Award Abstract # 1446932
SHF: EAGER: Collaborative Research: Demonstrating the Feasibility of Automatic Program Repair Guided by Semantic Code Search

NSF Org: CCF
Division of Computing and Communication Foundations
Recipient: IOWA STATE UNIVERSITY OF SCIENCE AND TECHNOLOGY
Initial Amendment Date: July 1, 2014
Latest Amendment Date: July 20, 2015
Award Number: 1446932
Award Instrument: Standard Grant
Program Manager: Sol Greenspan
sgreensp@nsf.gov
 (703)292-7841
CCF
 Division of Computing and Communication Foundations
CSE
 Directorate for Computer and Information Science and Engineering
Start Date: July 1, 2014
End Date: August 31, 2016 (Estimated)
Total Intended Award Amount: $72,950.00
Total Awarded Amount to Date: $87,539.00
Funds Obligated to Date: FY 2014 = $56,193.00
FY 2015 = $0.00
History of Investigator:
  • Kathryn Stolee (Principal Investigator)
    ktstolee@ncsu.edu
Recipient Sponsored Research Office: Iowa State University
1350 BEARDSHEAR HALL
AMES
IA  US  50011-2103
(515)294-5225
Sponsor Congressional District: 04
Primary Place of Performance: Iowa State University
209 Atanasoff
Ames
IA  US  50011-2207
Primary Place of Performance
Congressional District:
Unique Entity Identifier (UEI): DQDBM7FGJPC5
Parent UEI: DQDBM7FGJPC5
NSF Program(s): Software & Hardware Foundation
Primary Program Source: 01001415DB NSF RESEARCH & RELATED ACTIVIT
01001516DB NSF RESEARCH & RELATED ACTIVIT
Program Reference Code(s): 7916, 7944
Program Element Code(s): 779800
Award Agency Code: 4900
Fund Agency Code: 4900
Assistance Listing Number(s): 47.070

ABSTRACT

Software is an integral part of our everyday lives, and our economy relies heavily on software working correctly. However, bugs in software cause security breaches, and cost our economy billions of dollars annually. While these high costs of bugs are well known, the software industry struggles to remedy the situation because the inherent complexity of the software makes bugs so common that new bugs are typically reported faster than developers can fix them. The goal of this project is to develop a technique that fixes bugs
automatically, greatly reducing the cost of fixing the bugs, improving quality of software, and reducing the negative effects on the economy and society.

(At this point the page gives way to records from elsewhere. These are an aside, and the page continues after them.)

text \<open>Vanishing of a reduced sectional category means a global homotopy section. A section \<open>s\<close>
  of \<open>q\<^sub>k\<close> gives, for each point, a \<open>k\<close>-chain from \<open>x\<^sub>0\<close> to a point homotopic to it; running
  the chain of \<open>x\<close> backwards and then the chain of \<open>y\<close> forwards is a section of \<open>\<pi>\<^sub>2\<^sub>k\<close>.
  Conversely, restrict a section of \<open>\<pi>\<^sub>k\<close> to \<open>{x\<^sub>0} \<times> X\<close> and prepend the path from \<open>x\<^sub>0\<close>
  traced by the deformation of \<open>\<pi>\<^sub>k \<circ> s\<close> into the identity; this is a section of \<open>q\<^sub>k\<^sub>+\<^sub>1\<close>.
  All junctions occur at equal points.\<close>

lemma topspace_path_space [simp]: "topspace (path_space X) = path_set X"
proof -
  have "path_set X \<in> {{g \<in> path_set X. g ` K \<subseteq> U} | K U.
        compactin (top_of_set {0..1::real}) K \<and> openin X U}"
    by (rule CollectI, rule exI[of _ "{}"], rule exI[of _ "topspace X"]) auto
  then show ?thesis unfolding path_space_def by auto
qed

lemma continuous_map_path_space:
  assumes "\<And>y. y \<in> topspace Y \<Longrightarrow> f y \<in> path_set X"
    and "\<And>K U. compactin (top_of_set {0..1::real}) K \<Longrightarrow> openin X U \<Longrightarrow>
          openin Y {y \<in> topspace Y. f y ` K \<subseteq> U}"
  shows "continuous_map Y (path_space X) f"
  unfolding path_space_def
proof (rule continuous_on_generated_topo)
  show "f ` topspace Y \<subseteq> \<Union> {{g \<in> path_set X. g ` K \<subseteq> U} | K U.
        compactin (top_of_set {0..1::real}) K \<and> openin X U}"
    using topspace_path_space[of X] assms(1) unfolding path_space_def by auto
next
  fix V assume "V \<in> {{g \<in> path_set X. g ` K \<subseteq> U} | K U.
        compactin (top_of_set {0..1::real}) K \<and> openin X U}"
  then obtain K U where "compactin (top_of_set {0..1::real}) K" "openin X U"
     "V = {g \<in> path_set X. g ` K \<subseteq> U}" by auto
  moreover have "f -` {g \<in> path_set X. g ` K \<subseteq> U} \<inter> topspace Y = {y \<in> topspace Y. f y ` K \<subseteq> U}"
    using assms(1) by auto
  ultimately show "openin Y (f -` V \<inter> topspace Y)" using assms(2) by simp
qed

definition curry_path :: "(real \<times> 'b \<Rightarrow> 'a) \<Rightarrow> 'b \<Rightarrow> real \<Rightarrow> 'a" where
  "curry_path F y = (\<lambda>t. if t \<in> {0..1} then F (t, y) else undefined)"

lemma curry_path_0 [simp]: "curry_path F y 0 = F (0, y)"
  and curry_path_1 [simp]: "curry_path F y 1 = F (1, y)"
  by (auto simp: curry_path_def)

Because so much software has already been written, many subroutines, data structures, and algorithm implementations already exist as part of open-source software. Therefore, for many software bugs, there already exist subroutines, data structures, and algorithm implementations in other open-source software that implement the correct behavior and can be substituted into buggy systems to fix the bugs. This project verifies two key properties necessary to build such a bug fixing technique. First, the project attempts to validate the assumption that correct code candidates actually exist in open-source software code bases. Second, the project aims to demonstrate that semantic code search techniques can effectively find these code candidates, and that the gaps between the correct and incorrect versions can be bridged using automatic techniques. Altogether, this exploratory project is intended to establish the feasibility of automated bug fixing through semantic search of open-source software. The broader impact of this work is the advancement of techniques that improve software quality, which, in turn, reduces the negative economic and societal effects of software bugs. This grant is exploratory work on an untested, but potentially transformative, research idea.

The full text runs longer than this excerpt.